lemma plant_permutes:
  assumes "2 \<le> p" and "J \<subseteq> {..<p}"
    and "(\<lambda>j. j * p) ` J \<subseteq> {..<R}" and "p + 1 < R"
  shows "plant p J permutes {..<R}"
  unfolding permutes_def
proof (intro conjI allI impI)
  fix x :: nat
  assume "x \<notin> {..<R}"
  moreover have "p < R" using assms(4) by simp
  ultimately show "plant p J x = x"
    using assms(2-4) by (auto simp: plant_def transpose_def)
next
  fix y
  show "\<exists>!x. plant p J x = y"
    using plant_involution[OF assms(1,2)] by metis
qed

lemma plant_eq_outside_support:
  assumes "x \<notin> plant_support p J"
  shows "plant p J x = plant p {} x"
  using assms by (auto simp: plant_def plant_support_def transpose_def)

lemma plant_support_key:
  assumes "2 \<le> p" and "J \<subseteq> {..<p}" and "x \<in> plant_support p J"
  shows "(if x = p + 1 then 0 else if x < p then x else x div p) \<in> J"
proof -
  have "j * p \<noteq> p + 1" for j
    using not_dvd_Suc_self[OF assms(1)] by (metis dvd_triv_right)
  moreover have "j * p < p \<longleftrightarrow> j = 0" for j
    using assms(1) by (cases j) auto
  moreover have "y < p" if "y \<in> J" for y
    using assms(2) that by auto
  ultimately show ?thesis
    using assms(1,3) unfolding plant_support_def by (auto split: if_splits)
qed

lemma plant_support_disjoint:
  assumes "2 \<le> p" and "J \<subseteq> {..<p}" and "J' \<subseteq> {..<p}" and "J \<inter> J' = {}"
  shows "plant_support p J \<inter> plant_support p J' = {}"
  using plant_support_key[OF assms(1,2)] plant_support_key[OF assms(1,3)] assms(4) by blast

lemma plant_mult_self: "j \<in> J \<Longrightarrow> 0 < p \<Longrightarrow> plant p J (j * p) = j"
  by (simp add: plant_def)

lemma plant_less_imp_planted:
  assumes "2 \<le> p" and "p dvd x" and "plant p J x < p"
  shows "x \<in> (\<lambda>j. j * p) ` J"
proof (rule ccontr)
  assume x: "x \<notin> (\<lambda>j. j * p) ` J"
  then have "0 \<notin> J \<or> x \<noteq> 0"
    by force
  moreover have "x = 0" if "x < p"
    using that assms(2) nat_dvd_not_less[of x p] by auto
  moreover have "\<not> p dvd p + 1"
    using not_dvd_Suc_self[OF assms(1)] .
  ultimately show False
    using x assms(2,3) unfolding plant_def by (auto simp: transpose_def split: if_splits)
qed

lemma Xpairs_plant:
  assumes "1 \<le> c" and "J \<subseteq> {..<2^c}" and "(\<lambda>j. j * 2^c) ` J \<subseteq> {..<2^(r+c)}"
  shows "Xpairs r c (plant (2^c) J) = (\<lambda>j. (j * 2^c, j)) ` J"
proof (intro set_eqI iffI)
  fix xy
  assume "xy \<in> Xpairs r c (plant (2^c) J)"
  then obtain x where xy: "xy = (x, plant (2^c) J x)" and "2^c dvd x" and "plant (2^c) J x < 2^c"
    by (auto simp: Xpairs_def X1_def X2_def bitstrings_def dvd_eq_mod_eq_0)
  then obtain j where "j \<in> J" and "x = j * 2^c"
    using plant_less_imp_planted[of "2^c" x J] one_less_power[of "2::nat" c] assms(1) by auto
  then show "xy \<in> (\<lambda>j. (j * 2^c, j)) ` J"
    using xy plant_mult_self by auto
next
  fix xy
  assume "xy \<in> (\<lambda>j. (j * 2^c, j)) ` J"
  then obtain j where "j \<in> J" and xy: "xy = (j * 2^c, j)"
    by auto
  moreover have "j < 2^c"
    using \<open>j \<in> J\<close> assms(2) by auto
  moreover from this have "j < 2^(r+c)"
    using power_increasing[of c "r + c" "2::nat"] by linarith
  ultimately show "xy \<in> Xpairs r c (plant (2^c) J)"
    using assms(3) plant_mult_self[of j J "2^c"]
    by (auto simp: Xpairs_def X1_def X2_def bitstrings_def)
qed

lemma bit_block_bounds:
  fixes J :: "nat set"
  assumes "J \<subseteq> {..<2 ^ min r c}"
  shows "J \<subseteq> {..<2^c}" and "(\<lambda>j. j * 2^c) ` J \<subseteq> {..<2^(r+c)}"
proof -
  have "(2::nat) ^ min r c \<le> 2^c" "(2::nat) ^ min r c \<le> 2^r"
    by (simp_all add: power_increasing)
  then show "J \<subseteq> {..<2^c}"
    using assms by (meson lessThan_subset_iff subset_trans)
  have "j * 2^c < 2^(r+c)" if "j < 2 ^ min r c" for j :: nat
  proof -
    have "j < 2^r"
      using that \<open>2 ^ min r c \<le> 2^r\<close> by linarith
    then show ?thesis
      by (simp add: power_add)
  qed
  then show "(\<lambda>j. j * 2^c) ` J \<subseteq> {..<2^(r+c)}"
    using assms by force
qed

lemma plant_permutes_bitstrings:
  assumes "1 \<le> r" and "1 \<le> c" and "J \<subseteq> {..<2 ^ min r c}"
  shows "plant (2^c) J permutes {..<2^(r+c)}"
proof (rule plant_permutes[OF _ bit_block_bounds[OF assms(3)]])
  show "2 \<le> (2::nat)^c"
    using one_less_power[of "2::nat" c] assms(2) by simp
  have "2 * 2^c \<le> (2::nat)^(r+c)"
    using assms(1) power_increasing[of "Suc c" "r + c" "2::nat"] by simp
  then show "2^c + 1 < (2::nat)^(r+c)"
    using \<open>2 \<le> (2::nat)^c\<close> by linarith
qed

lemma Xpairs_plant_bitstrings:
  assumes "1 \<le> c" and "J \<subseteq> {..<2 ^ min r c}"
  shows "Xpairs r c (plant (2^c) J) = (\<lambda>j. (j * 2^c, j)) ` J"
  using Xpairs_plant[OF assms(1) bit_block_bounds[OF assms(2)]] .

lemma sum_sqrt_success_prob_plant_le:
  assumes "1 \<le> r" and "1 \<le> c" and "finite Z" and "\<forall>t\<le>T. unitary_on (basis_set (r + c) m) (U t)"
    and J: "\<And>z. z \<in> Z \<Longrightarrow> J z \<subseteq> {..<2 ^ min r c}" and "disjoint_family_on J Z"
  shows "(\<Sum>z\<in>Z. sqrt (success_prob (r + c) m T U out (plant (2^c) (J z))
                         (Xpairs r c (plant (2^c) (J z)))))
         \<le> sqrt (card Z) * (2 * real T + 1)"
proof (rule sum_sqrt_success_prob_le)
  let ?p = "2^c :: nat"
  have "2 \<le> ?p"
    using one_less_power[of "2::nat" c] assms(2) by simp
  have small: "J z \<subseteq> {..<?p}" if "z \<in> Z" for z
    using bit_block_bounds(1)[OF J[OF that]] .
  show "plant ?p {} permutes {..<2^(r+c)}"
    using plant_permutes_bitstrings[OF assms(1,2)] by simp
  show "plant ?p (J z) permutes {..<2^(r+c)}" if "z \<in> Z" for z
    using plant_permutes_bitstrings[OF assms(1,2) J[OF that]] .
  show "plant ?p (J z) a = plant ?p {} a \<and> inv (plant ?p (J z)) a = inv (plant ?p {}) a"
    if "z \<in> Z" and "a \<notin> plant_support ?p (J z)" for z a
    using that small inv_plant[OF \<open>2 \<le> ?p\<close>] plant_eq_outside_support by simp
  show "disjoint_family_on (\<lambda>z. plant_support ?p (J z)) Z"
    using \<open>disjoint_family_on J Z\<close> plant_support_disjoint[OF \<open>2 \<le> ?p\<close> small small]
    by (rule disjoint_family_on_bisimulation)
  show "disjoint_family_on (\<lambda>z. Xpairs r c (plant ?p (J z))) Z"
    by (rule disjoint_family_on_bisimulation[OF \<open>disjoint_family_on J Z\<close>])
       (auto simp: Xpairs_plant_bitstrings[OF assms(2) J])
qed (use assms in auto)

+ + +

[Exercise directions] Find each line in the records holding the string "thesis" and show it.

[Answer space]
  ultimately show ?thesis
    then show ?thesis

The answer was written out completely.